### EXERCISE DIRECTIONS
In the material below, transcribe every line from the first through the line holding "sqrt (\<Sum>k<d. (x", exactly, and stop after that line.
--- SOURCE RECORDS Enclosed Below ---
(* Let ${x}, {x}' \in \mathbb{S}^{d-1}$ with $\|{x} - {x}'\| \leq \delta \leq 2$, where $\delta>0$, and let $\epsilon \in (0, 1)$. There exist absolute constants $C,C'>0$ such that if $d_1 \geq \frac{C}{\delta} \log \frac{1}{\epsilon}$, then with probability at least $1 - \epsilon$ over the network parameters, \[ \|\nabla_{\theta} f({x}) - \nabla_{\theta} f({x}')\| \leq C'\sqrt{\delta}. \]
   Context: Shallow ReLU network $f(x;W,v)=\frac{1}{\sqrt{d_1}}\sum_{j=1}^{d_1}v_j\sigma(w_j^Tx)$ with $\sigma(z)=\max\{0,z\}$, $W=[w_1,\dots,w_{d_1}]^T\in\mathbb{R}^{d_1\times d}$, $v\in\mathbb{R}^{d_1}$, all entries iid $\mathcal N(0,1)$, $\theta=(W,v)$. The gradient is $\nabla_{w_j}f(x)=\frac1{\sqrt{d_1}}v_j\dot\sigma(w_j^Tx)x$, $\nabla_{v_j}f(x)=\frac1{\sqrt{d_1}}\sigma(w_j^Tx)$, with $\dot\sigma(z)=1$ for $z>0$ and $0$ otherwise; its norm is the Euclidean (Frobenius) norm on $\mathbb{R}^{d_1\times d}\times\mathbb{R}^{d_1}$. *)

theory Defs
  imports "HOL-Probability.Probability"
begin

text \<open>Vectors in R^d are represented as functions nat => real, using only indices < d.
  Network parameters theta = (W, v) are a single function on the index set
  Inl (j,k) (entry W_{jk}, j < d1, k < d) and Inr j (entry v_j, j < d1).\<close>

definition relu :: "real \<Rightarrow> real" where
  "relu z = max 0 z"

definition relu_deriv :: "real \<Rightarrow> real" where
  "relu_deriv z = (if z > 0 then 1 else 0)"

definition vnorm :: "nat \<Rightarrow> (nat \<Rightarrow> real) \<Rightarrow> real" where
  "vnorm d x = sqrt (\<Sum>k<d. (x k)\<^sup>2)"

definition on_sphere :: "nat \<Rightarrow> (nat \<Rightarrow> real) \<Rightarrow> bool" where
  "on_sphere d x \<longleftrightarrow> vnorm d x = 1"

definition param_index :: "nat \<Rightarrow> nat \<Rightarrow> ((nat \<times> nat) + nat) set" where
  "param_index d1 d = Inl ` ({..<d1} \<times> {..<d}) \<union> Inr ` {..<d1}"

definition preact :: "nat \<Rightarrow> ((nat \<times> nat) + nat \<Rightarrow> real) \<Rightarrow> nat \<Rightarrow> (nat \<Rightarrow> real) \<Rightarrow> real" where
  "preact d \<theta> j x = (\<Sum>k<d. \<theta> (Inl (j, k)) * x k)"
lemma l2norm_dominated:
  assumes "v \<in> l2 X" "\<And>x. cmod (u x) \<le> K * cmod (v x)" "K \<ge> 0"
  shows "l2norm u \<le> K * l2norm v"
proof -
  have "sqrt (sqnorm u) \<le> sqrt (K\<^sup>2 * sqnorm v)"
    using l2_dominated(2)[OF assms(1,2)] by simp
  also have "\<dots> = K * sqrt (sqnorm v)"
    using assms(3) by (simp add: real_sqrt_mult)
  finally show ?thesis by (simp add: l2norm_eq_sqrt_sqnorm)
qed

lemma l2_zero [simp]: "(\<lambda>x. 0) \<in> l2 X"
  by (simp add: l2_iff)

lemma l2norm_zero [simp]: "l2norm (\<lambda>x. 0) = 0"
  by (simp add: l2norm_def)

lemma l2_cmult: "g \<in> l2 X \<Longrightarrow> (\<lambda>x. c * g x) \<in> l2 X"
  by (rule l2_dominated(1)[of g X _ "cmod c"]) (simp_all add: norm_mult)

lemma l2_add:
  assumes "g \<in> l2 X" "h \<in> l2 X"
  shows "(\<lambda>x. g x + h x) \<in> l2 X"
proof (rule l2I)
  have s: "(\<lambda>x. 2 * ((cmod (g x))\<^sup>2 + (cmod (h x))\<^sup>2)) summable_on UNIV"
    using l2_summable[OF assms(1)] l2_summable[OF assms(2)]
    by (intro summable_on_cmult_right summable_on_add)
  have "(cmod (g x + h x))\<^sup>2 \<le> 2 * ((cmod (g x))\<^sup>2 + (cmod (h x))\<^sup>2)" for x
  proof -
    have "(cmod (g x + h x))\<^sup>2 \<le> (cmod (g x) + cmod (h x))\<^sup>2"
      by (intro power_mono norm_triangle_ineq) auto
    also have "\<dots> \<le> 2 * ((cmod (g x))\<^sup>2 + (cmod (h x))\<^sup>2)"
      using sum_squares_bound[of "cmod (g x)" "cmod (h x)"] by (simp add: power2_sum)
    finally show ?thesis .
  qed
  then show "(\<lambda>x. (cmod (g x + h x))\<^sup>2) summable_on UNIV"
    by (intro summable_on_comparison_test[OF s]) auto
qed (use assms in \<open>simp add: l2_outside\<close>)

lemma l2_sum: "finite S \<Longrightarrow> (\<And>i. i \<in> S \<Longrightarrow> F i \<in> l2 X) \<Longrightarrow> (\<lambda>x. \<Sum>i\<in>S. F i x) \<in> l2 X"
  by (induction S rule: finite_induct) (auto intro: l2_add)

lemma
  fixes f :: "'a \<Rightarrow> 'b::{comm_monoid_add,t2_space}"
  assumes "finite F" "\<And>x. x \<notin> F \<Longrightarrow> f x = 0"
  shows summable_on_UNIV_finite_support: "f summable_on UNIV"
    and infsum_UNIV_finite_support: "infsum f UNIV = sum f F"
proof -
  have "f summable_on UNIV \<longleftrightarrow> f summable_on F"
    by (rule summable_on_cong_neutral) (use assms(2) in auto)
  then show "f summable_on UNIV" using assms(1) by simp
  have "infsum f UNIV = infsum f F"
    by (rule infsum_cong_neutral) (use assms(2) in auto)
  then show "infsum f UNIV = sum f F" using assms(1) by simp
qed

lemma l2_finite_support:
  assumes "finite F" "F \<subseteq> X" "\<And>x. x \<notin> F \<Longrightarrow> g x = 0"
  shows "g \<in> l2 X"
  by (rule l2I, rule summable_on_UNIV_finite_support[OF assms(1)]) (use assms in auto)

lemma sqnorm_finite_support:
  assumes "finite F" "\<And>x. x \<notin> F \<Longrightarrow> g x = 0"
  shows "sqnorm g = (\<Sum>x\<in>F. (cmod (g x))\<^sup>2)"
  unfolding sqnorm_def by (rule infsum_UNIV_finite_support[OF assms(1)]) (use assms(2) in auto)

lemma sqnorm_cmult: "sqnorm (\<lambda>x. c * g x) = (cmod c)\<^sup>2 * sqnorm g"
  unfolding sqnorm_def by (simp add: norm_mult power_mult_distrib infsum_cmult_right')

lemma l2norm_cmult: "l2norm (\<lambda>x. c * g x) = cmod c * l2norm g"
  by (simp add: l2norm_eq_sqrt_sqnorm sqnorm_cmult real_sqrt_mult)

lemma sqnorm_eq_0D:
  assumes "g \<in> l2 X" "sqnorm g = 0"
  shows "g = (\<lambda>x. 0)"
proof
  fix x
  have "(cmod (g x))\<^sup>2 = 0"
    using assms l2_summable[OF assms(1)] unfolding sqnorm_def
    by (intro nonneg_infsum_le_0D[of "\<lambda>x. (cmod (g x))\<^sup>2" UNIV]) auto
  then show "g x = 0" by simp
qed

lemma L2_set_le_l2norm:
  assumes "g \<in> l2 X" "finite F"
  shows "L2_set (\<lambda>x. cmod (g x)) F \<le> l2norm g"
  unfolding L2_set_def l2norm_eq_sqrt_sqnorm sqnorm_def
  by (intro real_sqrt_le_mono finite_sum_le_infsum l2_summable[OF assms(1)] assms(2)) auto

lemma norm_le_l2norm: "g \<in> l2 X \<Longrightarrow> cmod (g x) \<le> l2norm g"
  using L2_set_le_l2norm[of g X "{x}"] by simp

lemma l2norm_triangle:
  assumes "g \<in> l2 X" "h \<in> l2 X"
  shows "l2norm (\<lambda>x. g x + h x) \<le> l2norm g + l2norm h"
proof -
  have "sqnorm (\<lambda>x. g x + h x) \<le> (l2norm g + l2norm h)\<^sup>2"
    unfolding sqnorm_def
  proof (rule infsum_le_finite_sums)
    show "(\<lambda>x. (cmod (g x + h x))\<^sup>2) summable_on UNIV"
      by (rule l2_summable[OF l2_add[OF assms]])
  next
    fix F :: "'a set" assume F: "finite F"
    have "L2_set (\<lambda>x. cmod (g x + h x)) F \<le> L2_set (\<lambda>x. cmod (g x) + cmod (h x)) F"
      by (intro L2_set_mono norm_triangle_ineq) auto
    also have "\<dots> \<le> L2_set (\<lambda>x. cmod (g x)) F + L2_set (\<lambda>x. cmod (h x)) F"
      by (rule L2_set_triangle_ineq)
    also have "\<dots> \<le> l2norm g + l2norm h"
      by (intro add_mono L2_set_le_l2norm[OF assms(1) F] L2_set_le_l2norm[OF assms(2) F])
    finally have "(L2_set (\<lambda>x. cmod (g x + h x)) F)\<^sup>2 \<le> (l2norm g + l2norm h)\<^sup>2"
      by (intro power_mono) auto
    then show "(\<Sum>x\<in>F. (cmod (g x + h x))\<^sup>2) \<le> (l2norm g + l2norm h)\<^sup>2"
      by (simp add: L2_set_def sum_nonneg)
  qed
  then have "sqrt (sqnorm (\<lambda>x. g x + h x)) \<le> sqrt ((l2norm g + l2norm h)\<^sup>2)"
    by (rule real_sqrt_le_mono)
  then show ?thesis
    using l2norm_nonneg[of g] l2norm_nonneg[of h] by (simp add: l2norm_eq_sqrt_sqnorm)
qed

lemma l2norm_sum:
  "finite S \<Longrightarrow> (\<And>i. i \<in> S \<Longrightarrow> F i \<in> l2 X) \<Longrightarrow>
    l2norm (\<lambda>x. \<Sum>i\<in>S. F i x) \<le> (\<Sum>i\<in>S. l2norm (F i))"
proof (induction S rule: finite_induct)
  case (insert a S)
  have "l2norm (\<lambda>x. \<Sum>i\<in>insert a S. F i x) = l2norm (\<lambda>x. F a x + (\<Sum>i\<in>S. F i x))"
    using insert by simp
  also have "\<dots> \<le> l2norm (F a) + l2norm (\<lambda>x. \<Sum>i\<in>S. F i x)"
    using insert by (intro l2norm_triangle l2_sum) auto
  also have "\<dots> \<le> l2norm (F a) + (\<Sum>i\<in>S. l2norm (F i))"
    using insert by simp
  finally show ?case using insert by simp
qed simp

lemma summable_l2inner:
  assumes "g \<in> l2 X" "h \<in> l2 X"
  shows "(\<lambda>x. g x * cnj (h x)) summable_on UNIV"
proof -
  have s: "(\<lambda>x. (cmod (g x))\<^sup>2 + (cmod (h x))\<^sup>2) summable_on UNIV"
    using l2_summable[OF assms(1)] l2_summable[OF assms(2)] by (rule summable_on_add)
  have "cmod (g x) * cmod (h x) \<le> (cmod (g x))\<^sup>2 + (cmod (h x))\<^sup>2" for x
  proof -
    have "0 \<le> cmod (g x) * cmod (h x)" by simp
    then show ?thesis
      using sum_squares_bound[of "cmod (g x)" "cmod (h x)"] by (simp only: mult.assoc)
  qed
  then have "(\<lambda>x. norm (g x * cnj (h x))) summable_on UNIV"
    by (intro summable_on_comparison_test[OF s]) (auto simp: norm_mult)
  then show ?thesis using summable_on_iff_abs_summable_on_complex by blast
qed

lemma l2inner_add_left:
  "g \<in> l2 X \<Longrightarrow> g' \<in> l2 X \<Longrightarrow> h \<in> l2 X \<Longrightarrow> l2inner (\<lambda>x. g x + g' x) h = l2inner g h + l2inner g' h"
  unfolding l2inner_def distrib_right by (intro infsum_add summable_l2inner)

lemma l2inner_add_right:
  "g \<in> l2 X \<Longrightarrow> h \<in> l2 X \<Longrightarrow> h' \<in> l2 X \<Longrightarrow> l2inner g (\<lambda>x. h x + h' x) = l2inner g h + l2inner g h'"
  unfolding l2inner_def complex_cnj_add distrib_left by (intro infsum_add summable_l2inner)

lemma l2inner_cmult_left: "l2inner (\<lambda>x. c * g x) h = c * l2inner g h"
  unfolding l2inner_def mult.assoc by (rule infsum_cmult_right')

lemma l2inner_cmult_right: "l2inner g (\<lambda>x. c * h x) = cnj c * l2inner g h"
  unfolding l2inner_def by (simp add: mult.left_commute infsum_cmult_right')

lemma l2inner_sum_left:
  "finite S \<Longrightarrow> (\<And>i. i \<in> S \<Longrightarrow> F i \<in> l2 X) \<Longrightarrow> h \<in> l2 X \<Longrightarrow>
    l2inner (\<lambda>x. \<Sum>i\<in>S. F i x) h = (\<Sum>i\<in>S. l2inner (F i) h)"
proof (induction S rule: finite_induct)
  case (insert a S)
  then show ?case by (simp add: l2inner_add_left[of _ X] l2_sum)
qed (simp add: l2inner_def)

lemma l2inner_sum_right:
  "finite S \<Longrightarrow> (\<And>i. i \<in> S \<Longrightarrow> F i \<in> l2 X) \<Longrightarrow> h \<in> l2 X \<Longrightarrow>
    l2inner h (\<lambda>x. \<Sum>i\<in>S. F i x) = (\<Sum>i\<in>S. l2inner h (F i))"
proof (induction S rule: finite_induct)
  case (insert a S)
  then show ?case by (simp add: l2inner_add_right[of _ X] l2_sum)
qed (simp add: l2inner_def)

lemma l2inner_self:
  assumes "g \<in> l2 X" shows "l2inner g g = complex_of_real (sqnorm g)"
proof -
  have "((\<lambda>x. complex_of_real ((cmod (g x))\<^sup>2)) has_sum complex_of_real (sqnorm g)) UNIV"
    by (rule has_sum_of_real[OF has_sum_sqnorm[OF assms]])
  then show ?thesis
    unfolding l2inner_def complex_norm_square by (rule infsumI)
qed

lemma l2_shift:
  fixes g :: "'a::ab_group_add \<Rightarrow> complex"
  assumes "\<And>x. cmod (c x) = 1"
  shows "(\<lambda>x. c x * g (x - a)) \<in> l2 UNIV \<longleftrightarrow> g \<in> l2 UNIV"
    and "sqnorm (\<lambda>x. c x * g (x - a)) = sqnorm g"
proof -
  have e: "(cmod (c x * g (x - a)))\<^sup>2 = (cmod (g (x - a)))\<^sup>2" for x
    by (simp add: norm_mult assms)
  show "(\<lambda>x. c x * g (x - a)) \<in> l2 UNIV \<longleftrightarrow> g \<in> l2 UNIV"
    unfolding l2_iff e
    by (simp, rule summable_on_reindex_bij_witness[of UNIV "\<lambda>x. x + a" "\<lambda>x. x - a"]) auto
  show "sqnorm (\<lambda>x. c x * g (x - a)) = sqnorm g"
    unfolding sqnorm_def e
    by (rule infsum_reindex_bij_witness[of UNIV "\<lambda>x. x + a" "\<lambda>x. x - a"]) auto
qed

lemma bounded_op_zero:
  assumes "bounded_op X T" shows "T (\<lambda>x. 0) = (\<lambda>x. 0)"
proof -
  have "\<forall>g\<in>l2 X. \<forall>c. T (\<lambda>x. c * g x) = (\<lambda>x. c * T g x)"
    using assms unfolding bounded_op_def by blast
  from this[rule_format, OF l2_zero, of 0] show ?thesis by simp
qed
--- End of Enclosed SOURCE RECORDS ---
### ANSWER BOX
(* Let ${x}, {x}' \in \mathbb{S}^{d-1}$ with $\|{x} - {x}'\| \leq \delta \leq 2$, where $\delta>0$, and let $\epsilon \in (0, 1)$. There exist absolute constants $C,C'>0$ such that if $d_1 \geq \frac{C}{\delta} \log \frac{1}{\epsilon}$, then with probability at least $1 - \epsilon$ over the network parameters, \[ \|\nabla_{\theta} f({x}) - \nabla_{\theta} f({x}')\| \leq C'\sqrt{\delta}. \]
   Context: Shallow ReLU network $f(x;W,v)=\frac{1}{\sqrt{d_1}}\sum_{j=1}^{d_1}v_j\sigma(w_j^Tx)$ with $\sigma(z)=\max\{0,z\}$, $W=[w_1,\dots,w_{d_1}]^T\in\mathbb{R}^{d_1\times d}$, $v\in\mathbb{R}^{d_1}$, all entries iid $\mathcal N(0,1)$, $\theta=(W,v)$. The gradient is $\nabla_{w_j}f(x)=\frac1{\sqrt{d_1}}v_j\dot\sigma(w_j^Tx)x$, $\nabla_{v_j}f(x)=\frac1{\sqrt{d_1}}\sigma(w_j^Tx)$, with $\dot\sigma(z)=1$ for $z>0$ and $0$ otherwise; its norm is the Euclidean (Frobenius) norm on $\mathbb{R}^{d_1\times d}\times\mathbb{R}^{d_1}$. *)

theory Defs
  imports "HOL-Probability.Probability"
begin

text \<open>Vectors in R^d are represented as functions nat => real, using only indices < d.
  Network parameters theta = (W, v) are a single function on the index set
  Inl (j,k) (entry W_{jk}, j < d1, k < d) and Inr j (entry v_j, j < d1).\<close>

definition relu :: "real \<Rightarrow> real" where
  "relu z = max 0 z"

definition relu_deriv :: "real \<Rightarrow> real" where
  "relu_deriv z = (if z > 0 then 1 else 0)"

definition vnorm :: "nat \<Rightarrow> (nat \<Rightarrow> real) \<Rightarrow> real" where
  "vnorm d x = sqrt (\<Sum>k<d. (x k)\<^sup>2)"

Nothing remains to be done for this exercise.